[Collected data entries]
lemma fun_of_node:
  assumes "0 < J" "j \<le> J"
  shows "fun_of J f (node J j) = f j"
proof (cases "j = 0")
  case True
  then show ?thesis unfolding fun_of_def elem_def loc_def node_def by simp
next
  case False
  with assms have "0 < node J j" "nat \<lceil>node J j * real J\<rceil> = j"
    unfolding node_def by simp_all
  with assms have "elem J (node J j) = j"
    unfolding elem_def by simp
  moreover have "(node J j - node J (j - 1)) * real J = 1"
    using node_diff[of J j] False assms by simp
  ultimately show ?thesis unfolding fun_of_def loc_def by simp
qed

lemma loc_convex_combination:
  assumes "0 < J" "1 \<le> j" "\<rho> \<in> {node J (j - 1) .. node J j}"
  obtains t where "t \<in> {0..1}" "loc J f j \<rho> = (1 - t) *\<^sub>R f (j - 1) + t *\<^sub>R f j"
proof
  define t where "t = (\<rho> - node J (j - 1)) * real J"
  have "t \<le> (node J j - node J (j - 1)) * real J"
    unfolding t_def using assms by (intro mult_right_mono) auto
  also have "\<dots> = 1"
    using assms node_diff[of J j] by simp
  finally show "t \<in> {0..1}"
    using assms unfolding t_def by simp
  show "loc J f j \<rho> = (1 - t) *\<^sub>R f (j - 1) + t *\<^sub>R f j"
    unfolding loc_def t_def by (simp add: algebra_simps)
qed

lemma continuous_on_loc [continuous_intros]:
  fixes X :: "nat \<Rightarrow> 'a::real_normed_vector"
  shows "continuous_on S (\<lambda>\<rho>. loc J X j \<rho>)"
  unfolding loc_def by (intro continuous_intros)

lemma continuous_on_dloc [continuous_intros]:
  fixes X :: "nat \<Rightarrow> 'a::real_normed_vector"
  shows "continuous_on S (\<lambda>\<rho>. dloc J X j \<rho>)"
  unfolding dloc_def by (intro continuous_intros)

lemma continuous_on_x1 [continuous_intros]: "continuous_on S (\<lambda>\<rho>. x1 J X j \<rho>)"
  unfolding x1_def by (intro continuous_intros)

lemma continuous_on_absd [continuous_intros]: "continuous_on S (\<lambda>\<rho>. absd J X j \<rho>)"
  unfolding absd_def by (intro continuous_intros)

lemma continuous_on_nu [continuous_intros]: "continuous_on S (\<lambda>\<rho>. nu J X j \<rho>)"
  unfolding nu_def dloc_def by simp

definition quadS :: "bool \<Rightarrow> nat \<Rightarrow> (nat \<Rightarrow> real \<Rightarrow> real) \<Rightarrow> real" where
  "quadS lumped J \<phi> = ipS lumped J \<phi> (\<lambda>_ _. 1)"

definition elementwise_continuous :: "nat \<Rightarrow> (nat \<Rightarrow> real \<Rightarrow> real) \<Rightarrow> bool" where
  "elementwise_continuous J \<phi> \<longleftrightarrow> (\<forall>j \<in> {1..J}. continuous_on {node J (j - 1) .. node J j} (\<phi> j))"

lemma quadS_lumped:
  "quadS True J \<phi> = ((1 / real J) / 2) * (\<Sum>j = 1..J. \<phi> j (node J j) + \<phi> j (node J (j - 1)))"
  unfolding quadS_def ipS_def ipL_def by simp

lemma quadS_exact: "quadS False J \<phi> = (\<Sum>j = 1..J. integral {node J (j - 1) .. node J j} (\<phi> j))"
  unfolding quadS_def ipS_def ipE_def by simp

lemma ipS_eq_quadS: "ipS lumped J f g = quadS lumped J (\<lambda>j \<rho>. inner (f j \<rho>) (g j \<rho>))"
  unfolding quadS_def ipS_def ipL_def ipE_def by simp

lemma ipE_eq_quadS: "ipE J f g = quadS False J (\<lambda>j \<rho>. inner (f j \<rho>) (g j \<rho>))"
  unfolding quadS_exact ipE_def ..

lemma quadS_cong:
  assumes "0 < J"
    and "\<And>j \<rho>. j \<in> {1..J} \<Longrightarrow> \<rho> \<in> {node J (j - 1) .. node J j} \<Longrightarrow> \<phi> j \<rho> = \<psi> j \<rho>"
  shows "quadS lumped J \<phi> = quadS lumped J \<psi>"
  using assms node_less[OF assms(1)]
  by (cases lumped) (auto simp: quadS_lumped quadS_exact less_imp_le intro!: sum.cong integral_cong)

lemma quadS_add:
  assumes "elementwise_continuous J \<phi>" "elementwise_continuous J \<psi>"
  shows "quadS lumped J (\<lambda>j \<rho>. \<phi> j \<rho> + \<psi> j \<rho>) = quadS lumped J \<phi> + quadS lumped J \<psi>"
proof (cases lumped)
  case True
  then show ?thesis by (simp add: quadS_lumped sum.distrib algebra_simps)
next
  case False
  with assms show ?thesis unfolding elementwise_continuous_def
    by (auto simp: quadS_exact sum.distrib[symmetric]
      intro!: sum.cong integral_add integrable_continuous_interval)
qed

lemma quadS_scale:
  assumes "elementwise_continuous J \<phi>"
  shows "quadS lumped J (\<lambda>j \<rho>. c * \<phi> j \<rho>) = c * quadS lumped J \<phi>"
proof (cases lumped)
  case True
  then show ?thesis by (simp add: quadS_lumped sum_distrib_left algebra_simps)
next
  case False
  with assms show ?thesis unfolding elementwise_continuous_def
    by (auto simp: quadS_exact sum_distrib_left intro!: sum.cong integrable_continuous_interval)
qed

lemma quadS_nonneg:
  assumes "0 < J" "elementwise_continuous J \<phi>"
    and "\<And>j \<rho>. j \<in> {1..J} \<Longrightarrow> \<rho> \<in> {node J (j - 1) .. node J j} \<Longrightarrow> 0 \<le> \<phi> j \<rho>"
  shows "0 \<le> quadS lumped J \<phi>"
proof (cases lumped)
  case True
  have "0 \<le> (\<Sum>j = 1..J. \<phi> j (node J j) + \<phi> j (node J (j - 1)))"
    using node_less[OF assms(1)]
    by (intro sum_nonneg add_nonneg_nonneg assms(3)) (auto simp: less_imp_le)
  with True show ?thesis by (simp add: quadS_lumped)
next
  case False
  with assms node_less[OF assms(1)] show ?thesis unfolding elementwise_continuous_def
    by (auto simp: quadS_exact less_imp_le
      intro!: sum_nonneg integral_nonneg integrable_continuous_interval)
qed

lemma quadS_mono:
  assumes "0 < J" "elementwise_continuous J \<phi>" "elementwise_continuous J \<psi>"
    and "\<And>j \<rho>. j \<in> {1..J} \<Longrightarrow> \<rho> \<in> {node J (j - 1) .. node J j} \<Longrightarrow> \<phi> j \<rho> \<le> \<psi> j \<rho>"
  shows "quadS lumped J \<phi> \<le> quadS lumped J \<psi>"
proof -
  have neg: "elementwise_continuous J (\<lambda>j \<rho>. (- 1) * \<phi> j \<rho>)"
    using assms(2) unfolding elementwise_continuous_def by (auto intro!: continuous_intros)
  have "elementwise_continuous J (\<lambda>j \<rho>. \<psi> j \<rho> + (- 1) * \<phi> j \<rho>)"
    using assms(2,3) unfolding elementwise_continuous_def by (auto intro!: continuous_intros)
  then have "0 \<le> quadS lumped J (\<lambda>j \<rho>. \<psi> j \<rho> + (- 1) * \<phi> j \<rho>)"
    using assms(1,4) by (intro quadS_nonneg) auto
  also have "\<dots> = quadS lumped J \<psi> - quadS lumped J \<phi>"
    by (simp only: quadS_add[OF assms(3) neg] quadS_scale[OF assms(2)])
  finally show ?thesis by simp
qed

lemma integral_affine_trapezoid:
  fixes a b \<alpha> \<beta> :: real
  assumes "a \<le> b"
  shows "integral {a..b} (\<lambda>\<rho>. \<alpha> + (\<rho> - a) * \<beta>) = (b - a) / 2 * ((\<alpha> + (b - a) * \<beta>) + \<alpha>)"
proof -
  define F where "F \<rho> = \<alpha> * \<rho> + (\<rho> - a)\<^sup>2 * \<beta> / 2" for \<rho> :: real
  have "((\<lambda>\<rho>. \<alpha> + (\<rho> - a) * \<beta>) has_integral (F b - F a)) {a..b}"
    using assms unfolding F_def
    by (intro fundamental_theorem_of_calculus)
      (auto intro!: derivative_eq_intros
        simp: has_real_derivative_iff_has_vector_derivative[symmetric] field_simps)
  then show ?thesis
    unfolding F_def by (simp add: integral_unique power2_eq_square field_simps)
qed

lemma quadS_lumped_eq_exact_if_affine:
  assumes "0 < J" "\<And>j \<rho>. j \<in> {1..J} \<Longrightarrow> \<phi> j \<rho> = \<alpha> j + (\<rho> - node J (j - 1)) * \<beta> j"
  shows "quadS True J \<phi> = quadS False J \<phi>"
proof -
  have "integral {node J (j - 1) .. node J j} (\<phi> j)
      = ((1 / real J) / 2) * (\<phi> j (node J j) + \<phi> j (node J (j - 1)))" if "j \<in> {1..J}" for j
  proof -
    have "integral {node J (j - 1) .. node J j} (\<phi> j)
        = integral {node J (j - 1) .. node J j} (\<lambda>\<rho>. \<alpha> j + (\<rho> - node J (j - 1)) * \<beta> j)"
      using assms(2)[OF that] by (intro integral_cong) simp
    also have "\<dots> = (1 / real J) / 2 * ((\<alpha> j + (1 / real J) * \<beta> j) + \<alpha> j)"
      using that node_less[OF assms(1), of j] node_diff[OF assms(1), of j]
      by (simp add: integral_affine_trapezoid)
    finally show ?thesis
      using that assms(2)[OF that] node_diff[OF assms(1), of j] by simp
  qed
  then show ?thesis
    unfolding quadS_lumped quadS_exact by (simp add: sum_distrib_left)
qed

lemma norm_diff_le_inner_div:
  fixes a b :: "'a::real_inner"
  assumes "0 < norm b"
  shows "norm a - norm b \<le> inner a (a - b) / norm b"
proof -
  have "0 \<le> (norm a - norm b)\<^sup>2" "inner a a = norm a * norm a"
    by (simp_all add: power2_norm_eq_inner[symmetric] power2_eq_square)
  then have "norm a * norm b - norm b * norm b \<le> inner a a - inner a b"
    using norm_cauchy_schwarz[of a b] by (simp add: power2_eq_square algebra_simps)
  with assms show ?thesis by (simp add: inner_diff_right field_simps)
qed

text \<open>The upwind choice of \<open>X\<^sup>m\<^sup>+\<^sup>1\<close> or \<open>X\<^sup>m\<close> according to the sign of \<open>\<varrho>\<close> leaves the
  remainder \<open>|\<varrho>| d\<^sup>2 / 2 \<ge> 0\<close>.\<close>

lemma upwind_square_diff_bound:
  fixes r a d :: real
  shows "- ((pos_part r * (a + d) + neg_part r * a) * d) \<le> (r * a\<^sup>2 - r * (a + d)\<^sup>2) / 2"
proof (cases "0 \<le> r")
  case True
  then have "(r * a\<^sup>2 - r * (a + d)\<^sup>2) / 2 + (pos_part r * (a + d) + neg_part r * a) * d = r * d\<^sup>2 / 2"
    unfolding pos_part_def neg_part_def by (simp add: power2_eq_square field_simps)
  moreover have "0 \<le> r * d\<^sup>2 / 2" using True by simp
  ultimately show ?thesis by linarith
next
  case False
  then have "(r * a\<^sup>2 - r * (a + d)\<^sup>2) / 2 + (pos_part r * (a + d) + neg_part r * a) * d = - r * d\<^sup>2 / 2"
    unfolding pos_part_def neg_part_def by (simp add: power2_eq_square field_simps)
  moreover have "0 \<le> - r * d\<^sup>2 / 2" using False by (simp add: mult_nonpos_nonneg)
  ultimately show ?thesis by linarith
qed

lemma discriminant_bound:
  fixes S A L :: real
  assumes "\<And>t. 0 \<le> S - 2 * t * A + t\<^sup>2 * L"
  shows "A\<^sup>2 / L \<le> S"
proof (cases "L = 0")
  case True
  then show ?thesis using assms[of 0] by simp
next
  case False
  then have "S - 2 * (A / L) * A + (A / L)\<^sup>2 * L = S - A\<^sup>2 / L"
    by (simp add: power2_eq_square field_simps)
  then show ?thesis using assms[of "A / L"] by simp
qed

lemma quadS_cauchy_schwarz:
  assumes "0 < J" "elementwise_continuous J w" "elementwise_continuous J k"
    and "\<And>j \<rho>. j \<in> {1..J} \<Longrightarrow> \<rho> \<in> {node J (j - 1) .. node J j} \<Longrightarrow> 0 \<le> w j \<rho>"
  shows "(quadS lumped J (\<lambda>j \<rho>. w j \<rho> * k j \<rho>))\<^sup>2 / quadS lumped J w
      \<le> quadS lumped J (\<lambda>j \<rho>. w j \<rho> * (k j \<rho>)\<^sup>2)"
proof (rule discriminant_bound)
  fix t
  define wk wk2 where "wk j \<rho> = w j \<rho> * k j \<rho>" and "wk2 j \<rho> = w j \<rho> * (k j \<rho>)\<^sup>2" for j \<rho>
  have cont: "elementwise_continuous J wk" "elementwise_continuous J wk2"
    "elementwise_continuous J (\<lambda>j \<rho>. (- 2 * t) * wk j \<rho>)"
    "elementwise_continuous J (\<lambda>j \<rho>. t\<^sup>2 * w j \<rho>)"
    "elementwise_continuous J (\<lambda>j \<rho>. wk2 j \<rho> + (- 2 * t) * wk j \<rho>)"
    using assms(2,3) unfolding elementwise_continuous_def wk_def wk2_def
    by (auto intro!: continuous_intros)
  have "0 \<le> quadS lumped J (\<lambda>j \<rho>. w j \<rho> * (k j \<rho> - t)\<^sup>2)"
    using assms(2,3,4)
    by (intro quadS_nonneg[OF assms(1)]) (auto simp: elementwise_continuous_def intro!: continuous_intros)
  also have "\<dots> = quadS lumped J (\<lambda>j \<rho>. (wk2 j \<rho> + (- 2 * t) * wk j \<rho>) + t\<^sup>2 * w j \<rho>)"
    unfolding wk_def wk2_def by (intro quadS_cong[OF assms(1)]) (simp add: power2_eq_square algebra_simps)
  also have "\<dots> = quadS lumped J wk2 - 2 * t * quadS lumped J wk + t\<^sup>2 * quadS lumped J w"
    by (simp only: quadS_add[OF cont(5,4)] quadS_add[OF cont(2,3)] quadS_scale[OF cont(1)]
        quadS_scale[OF assms(2)])
  finally show "0 \<le> quadS lumped J wk2 - 2 * t * quadS lumped J wk + t\<^sup>2 * quadS lumped J w" .
qed

lemma x1_nonneg:
  assumes "X \<in> Vd0 periodic J D0" "assumptionA J D0 X" "0 < J"
    and "j \<in> {1..J}" "\<rho> \<in> {node J (j - 1) .. node J j}"
  shows "0 \<le> x1 J X j \<rho>"
proof -
  have at_nodes: "0 \<le> inner (X i) e1" if "i \<le> J" for i
  proof (cases "node J i \<in> D0")
    case True
    then show ?thesis
      using assms(1) fun_of_node[OF assms(3) that, of X] unfolding Vd0_def by force
  next
    case False
    then show ?thesis
      using assms(2) fun_of_node[OF assms(3) that] node_in_unit_interval[OF assms(3) that]
      unfolding assumptionA_def by (metis DiffI less_imp_le)
  qed
  obtain t where "t \<in> {0..1}" "loc J X j \<rho> = (1 - t) *\<^sub>R X (j - 1) + t *\<^sub>R X j"
    using loc_convex_combination assms(3-5) by (metis atLeastAtMost_iff)
  then show ?thesis
    unfolding x1_def using at_nodes[of j] at_nodes[of "j - 1"] assms(4)
    by (auto simp: inner_add_left)
qed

INSTRUCTIONS TO FOLLOW:
What is needed is each line of the entries that contains the word "close".

RESULT FOR THIS EXERCISE:
text \<open>The upwind choice of \<open>X\<^sup>m\<^sup>+\<^sup>1\<close> or \<open>X\<^sup>m\<close> according to the sign of \<open>\<varrho>\<close> leaves the
  remainder \<open>|\<varrho>| d\<^sup>2 / 2 \<ge> 0\<close>.\<close>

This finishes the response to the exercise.